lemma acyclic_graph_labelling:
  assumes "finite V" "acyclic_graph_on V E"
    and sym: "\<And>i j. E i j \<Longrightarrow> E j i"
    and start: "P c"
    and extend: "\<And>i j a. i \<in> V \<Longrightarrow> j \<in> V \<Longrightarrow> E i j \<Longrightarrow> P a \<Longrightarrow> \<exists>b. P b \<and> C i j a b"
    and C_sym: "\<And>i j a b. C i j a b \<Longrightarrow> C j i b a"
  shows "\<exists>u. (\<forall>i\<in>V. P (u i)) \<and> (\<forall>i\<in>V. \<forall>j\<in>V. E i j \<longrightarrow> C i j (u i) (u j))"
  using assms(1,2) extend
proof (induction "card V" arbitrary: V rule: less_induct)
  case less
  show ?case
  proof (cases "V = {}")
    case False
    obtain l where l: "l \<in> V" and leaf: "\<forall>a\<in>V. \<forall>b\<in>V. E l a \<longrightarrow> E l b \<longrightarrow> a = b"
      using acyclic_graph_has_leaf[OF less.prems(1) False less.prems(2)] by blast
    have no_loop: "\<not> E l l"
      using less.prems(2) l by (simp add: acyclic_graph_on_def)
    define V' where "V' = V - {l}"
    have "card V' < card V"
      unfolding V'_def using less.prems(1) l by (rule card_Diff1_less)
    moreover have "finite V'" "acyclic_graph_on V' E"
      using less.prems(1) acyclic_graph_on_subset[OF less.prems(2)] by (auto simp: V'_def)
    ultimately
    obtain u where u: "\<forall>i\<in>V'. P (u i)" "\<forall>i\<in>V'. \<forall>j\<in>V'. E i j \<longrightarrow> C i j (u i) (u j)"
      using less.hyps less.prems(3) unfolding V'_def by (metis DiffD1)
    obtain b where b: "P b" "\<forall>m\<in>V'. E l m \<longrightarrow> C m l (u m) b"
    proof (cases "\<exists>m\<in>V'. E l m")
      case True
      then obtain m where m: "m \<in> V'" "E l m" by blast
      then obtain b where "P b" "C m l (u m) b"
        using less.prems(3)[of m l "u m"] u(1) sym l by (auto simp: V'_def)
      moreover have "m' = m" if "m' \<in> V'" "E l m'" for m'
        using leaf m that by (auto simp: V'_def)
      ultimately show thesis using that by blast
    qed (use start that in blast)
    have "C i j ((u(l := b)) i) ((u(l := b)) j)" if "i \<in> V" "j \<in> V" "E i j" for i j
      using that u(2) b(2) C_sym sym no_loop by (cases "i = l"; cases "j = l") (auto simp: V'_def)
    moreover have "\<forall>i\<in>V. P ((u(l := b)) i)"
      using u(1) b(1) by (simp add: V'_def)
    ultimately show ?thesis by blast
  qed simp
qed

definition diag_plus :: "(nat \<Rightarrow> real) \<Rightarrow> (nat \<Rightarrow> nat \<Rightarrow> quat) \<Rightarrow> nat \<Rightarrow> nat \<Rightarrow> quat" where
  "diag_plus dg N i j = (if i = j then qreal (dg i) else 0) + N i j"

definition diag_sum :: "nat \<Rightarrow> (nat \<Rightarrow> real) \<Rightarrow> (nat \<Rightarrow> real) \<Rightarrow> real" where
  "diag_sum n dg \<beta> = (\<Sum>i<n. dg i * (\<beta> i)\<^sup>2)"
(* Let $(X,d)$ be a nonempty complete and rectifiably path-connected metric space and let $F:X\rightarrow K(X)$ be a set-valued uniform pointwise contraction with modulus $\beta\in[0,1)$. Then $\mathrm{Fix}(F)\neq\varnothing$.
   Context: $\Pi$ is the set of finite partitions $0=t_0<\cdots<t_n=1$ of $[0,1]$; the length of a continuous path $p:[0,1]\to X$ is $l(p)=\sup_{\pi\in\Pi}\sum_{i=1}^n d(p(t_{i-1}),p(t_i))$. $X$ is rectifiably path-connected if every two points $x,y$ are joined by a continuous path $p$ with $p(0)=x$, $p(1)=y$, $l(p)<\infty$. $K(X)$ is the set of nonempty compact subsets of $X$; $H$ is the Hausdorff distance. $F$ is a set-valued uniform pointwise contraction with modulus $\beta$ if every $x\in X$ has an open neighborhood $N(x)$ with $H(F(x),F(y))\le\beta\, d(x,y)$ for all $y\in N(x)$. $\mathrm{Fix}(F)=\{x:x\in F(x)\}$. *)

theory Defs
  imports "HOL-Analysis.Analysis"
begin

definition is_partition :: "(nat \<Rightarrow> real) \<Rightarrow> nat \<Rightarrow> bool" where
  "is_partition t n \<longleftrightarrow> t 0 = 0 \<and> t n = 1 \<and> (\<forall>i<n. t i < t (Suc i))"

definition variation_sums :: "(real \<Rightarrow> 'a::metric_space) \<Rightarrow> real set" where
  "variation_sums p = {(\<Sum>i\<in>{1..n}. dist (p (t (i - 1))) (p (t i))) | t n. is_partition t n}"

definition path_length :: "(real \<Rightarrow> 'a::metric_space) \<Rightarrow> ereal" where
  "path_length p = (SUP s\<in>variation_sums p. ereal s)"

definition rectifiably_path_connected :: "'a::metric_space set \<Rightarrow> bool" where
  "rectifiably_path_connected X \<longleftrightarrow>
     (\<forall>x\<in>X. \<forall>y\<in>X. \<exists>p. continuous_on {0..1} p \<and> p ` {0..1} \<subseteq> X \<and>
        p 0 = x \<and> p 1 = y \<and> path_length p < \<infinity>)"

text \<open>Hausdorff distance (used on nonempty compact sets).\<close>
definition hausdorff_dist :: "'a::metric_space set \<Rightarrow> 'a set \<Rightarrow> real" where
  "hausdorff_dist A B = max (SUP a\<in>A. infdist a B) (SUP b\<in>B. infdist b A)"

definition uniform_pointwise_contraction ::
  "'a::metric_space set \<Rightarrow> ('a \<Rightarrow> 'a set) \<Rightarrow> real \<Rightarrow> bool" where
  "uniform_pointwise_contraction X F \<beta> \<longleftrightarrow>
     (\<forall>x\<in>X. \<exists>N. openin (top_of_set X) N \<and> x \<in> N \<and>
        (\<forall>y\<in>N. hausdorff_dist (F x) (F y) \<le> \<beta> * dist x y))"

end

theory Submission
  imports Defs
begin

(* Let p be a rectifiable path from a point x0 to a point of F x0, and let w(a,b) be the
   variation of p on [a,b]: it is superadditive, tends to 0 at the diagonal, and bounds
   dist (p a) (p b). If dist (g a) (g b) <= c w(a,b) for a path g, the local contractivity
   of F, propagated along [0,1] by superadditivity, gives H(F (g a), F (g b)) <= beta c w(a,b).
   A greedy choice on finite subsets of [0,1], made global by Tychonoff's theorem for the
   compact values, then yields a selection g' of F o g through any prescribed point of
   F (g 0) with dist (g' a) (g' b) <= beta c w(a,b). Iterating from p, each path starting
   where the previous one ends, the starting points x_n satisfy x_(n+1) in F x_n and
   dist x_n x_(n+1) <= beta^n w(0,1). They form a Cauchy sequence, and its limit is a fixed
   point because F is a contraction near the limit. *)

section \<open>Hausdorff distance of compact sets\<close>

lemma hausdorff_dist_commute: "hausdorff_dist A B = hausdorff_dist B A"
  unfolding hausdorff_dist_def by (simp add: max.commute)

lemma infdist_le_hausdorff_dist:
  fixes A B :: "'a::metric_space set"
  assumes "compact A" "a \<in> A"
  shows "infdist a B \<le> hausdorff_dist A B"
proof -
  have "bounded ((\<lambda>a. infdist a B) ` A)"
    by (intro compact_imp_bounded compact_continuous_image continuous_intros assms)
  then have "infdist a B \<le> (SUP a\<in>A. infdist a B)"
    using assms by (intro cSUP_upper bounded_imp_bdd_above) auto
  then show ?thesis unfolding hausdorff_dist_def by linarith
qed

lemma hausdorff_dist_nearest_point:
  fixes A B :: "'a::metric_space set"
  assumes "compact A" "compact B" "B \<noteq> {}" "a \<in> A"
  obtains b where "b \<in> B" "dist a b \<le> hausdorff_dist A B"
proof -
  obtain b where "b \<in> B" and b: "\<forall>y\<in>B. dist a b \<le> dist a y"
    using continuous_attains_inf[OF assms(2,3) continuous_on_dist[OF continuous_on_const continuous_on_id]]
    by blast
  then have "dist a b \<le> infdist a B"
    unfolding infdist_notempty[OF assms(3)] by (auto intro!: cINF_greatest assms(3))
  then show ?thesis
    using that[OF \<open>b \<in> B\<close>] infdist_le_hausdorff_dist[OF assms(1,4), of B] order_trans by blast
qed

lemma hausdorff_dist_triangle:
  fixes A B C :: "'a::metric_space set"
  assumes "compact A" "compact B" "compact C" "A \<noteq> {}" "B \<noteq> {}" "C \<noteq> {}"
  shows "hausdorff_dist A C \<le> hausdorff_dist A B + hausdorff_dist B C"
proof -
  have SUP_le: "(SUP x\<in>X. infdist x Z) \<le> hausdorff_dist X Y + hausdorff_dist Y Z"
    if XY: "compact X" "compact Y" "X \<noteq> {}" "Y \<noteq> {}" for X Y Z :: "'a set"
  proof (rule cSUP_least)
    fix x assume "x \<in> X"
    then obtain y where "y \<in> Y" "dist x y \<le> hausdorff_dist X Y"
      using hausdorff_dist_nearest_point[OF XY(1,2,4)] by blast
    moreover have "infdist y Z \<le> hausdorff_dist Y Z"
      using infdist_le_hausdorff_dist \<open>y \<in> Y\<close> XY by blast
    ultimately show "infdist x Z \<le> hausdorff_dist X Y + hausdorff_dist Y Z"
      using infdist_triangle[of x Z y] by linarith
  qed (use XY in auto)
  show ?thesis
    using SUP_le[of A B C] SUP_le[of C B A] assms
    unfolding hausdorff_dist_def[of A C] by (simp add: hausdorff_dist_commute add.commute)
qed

------------------------------------------------------------

Reproduce word for word the material above, starting with the line that has "real) \<Rightarrow> (nat \<Rightarrow> real)" and stopping after the line that has "(* Let $(X,d)$".

» **Output**:
definition diag_sum :: "nat \<Rightarrow> (nat \<Rightarrow> real) \<Rightarrow> (nat \<Rightarrow> real) \<Rightarrow> real" where
  "diag_sum n dg \<beta> = (\<Sum>i<n. dg i * (\<beta> i)\<^sup>2)"
(* Let $(X,d)$ be a nonempty complete and rectifiably path-connected metric space and let $F:X\rightarrow K(X)$ be a set-valued uniform pointwise contraction with modulus $\beta\in[0,1)$. Then $\mathrm{Fix}(F)\neq\varnothing$.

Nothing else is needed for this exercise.